SusChem brokerage event 13/9/2016 Seville Jean-François Soussana, GIEC scientist and Scientific Director of INRA, opened the UNIFA (French fertiliser industry association) public workshop on the Circular Economy, Paris, 24th June. He explained that agriculture is a major contributor to global greenhouse emissions, with global emissions increasing despite reductions in emissions/kg production. But a 0.4%/year increase in world topsoil carbon stocks would compensate fossil fuel emissions. 0.2 kg N and 0.08 kg P are needed to stock 1 kg carbon.
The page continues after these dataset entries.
definition claw :: "nat \<Rightarrow> nat \<Rightarrow> bool" where
  "claw = edges_of [(0,1),(0,2),(0,3)]"

definition fourK1 :: "nat \<Rightarrow> nat \<Rightarrow> bool" where
  "fourK1 = edges_of []"

definition wheel5 :: "nat \<Rightarrow> nat \<Rightarrow> bool" where
  "wheel5 = edges_of (C5_edges @ [(5,0),(5,1),(5,2),(5,3),(5,4)])"

definition C5_twin :: "nat \<Rightarrow> nat \<Rightarrow> bool" where
  "C5_twin = edges_of (C5_edges @ [(5,4),(5,0),(5,1)])"

definition P5_twin :: "nat \<Rightarrow> nat \<Rightarrow> bool" where
  "P5_twin = edges_of [(0,1),(1,2),(2,3),(3,4),(5,1),(5,2),(5,3)]"

definition K5_minus_e :: "nat \<Rightarrow> nat \<Rightarrow> bool" where
  "K5_minus_e = edges_of [(0,2),(0,3),(0,4),(1,2),(1,3),(1,4),(2,3),(2,4),(3,4)]"

definition in_class_C :: "'a set \<Rightarrow> ('a \<Rightarrow> 'a \<Rightarrow> bool) \<Rightarrow> bool" where
  "in_class_C V E \<longleftrightarrow> graph V E \<and>
     \<not> has_induced V E 4 claw \<and> \<not> has_induced V E 4 fourK1 \<and>
     \<not> has_induced V E 6 wheel5 \<and> \<not> has_induced V E 6 C5_twin \<and>
     \<not> has_induced V E 6 P5_twin \<and> \<not> has_induced V E 5 K5_minus_e"

text \<open>c : nat \<Rightarrow> 'a lists the vertices c 0, ..., c 4 of an induced C5 in cyclic order
  (indices mod 5).\<close>
definition induced_C5 :: "'a set \<Rightarrow> ('a \<Rightarrow> 'a \<Rightarrow> bool) \<Rightarrow> (nat \<Rightarrow> 'a) \<Rightarrow> bool" where
  "induced_C5 V E c \<longleftrightarrow> inj_on c {0..<5} \<and> c ` {0..<5} \<subseteq> V \<and>
     (\<forall>i<5. \<forall>j<5. E (c i) (c j) \<longleftrightarrow> (j = (i + 1) mod 5 \<or> i = (j + 1) mod 5))"

definition nbrs_C :: "('a \<Rightarrow> 'a \<Rightarrow> bool) \<Rightarrow> (nat \<Rightarrow> 'a) \<Rightarrow> 'a \<Rightarrow> nat set" where
  "nbrs_C E c v = {i. i < 5 \<and> E v (c i)}"

definition R_set :: "'a set \<Rightarrow> ('a \<Rightarrow> 'a \<Rightarrow> bool) \<Rightarrow> (nat \<Rightarrow> 'a) \<Rightarrow> 'a set" where
  "R_set V E c = {v \<in> V - c ` {0..<5}. nbrs_C E c v = {}}"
Challenges are measuring C effectively sequestered, and ensuring that C stays in soil. Australia pays farmers 11$/tonne-CO2 stored in soil. Chris Thornton, ESPP (European Sustainable Phosphorus Platform) emphasised the business opportunities of phosphorus stewardship, synergies with organic carbon circular economy and current progress on EU legislation. Didier Marteau, farmer and Aude county Chamber of Agriculture underlined the need for traceability of input materials in recycled nutrient and organic carbon products and the advantages of developing methanisation. Gilles Poidevin, UNIFA, concluded with the importance of different sectors working together to develop the bio circular economy and to enable synergies between soil carbon, soil fertility and farm economic productivity.
UNIFA and ESPP presentation slides (in French)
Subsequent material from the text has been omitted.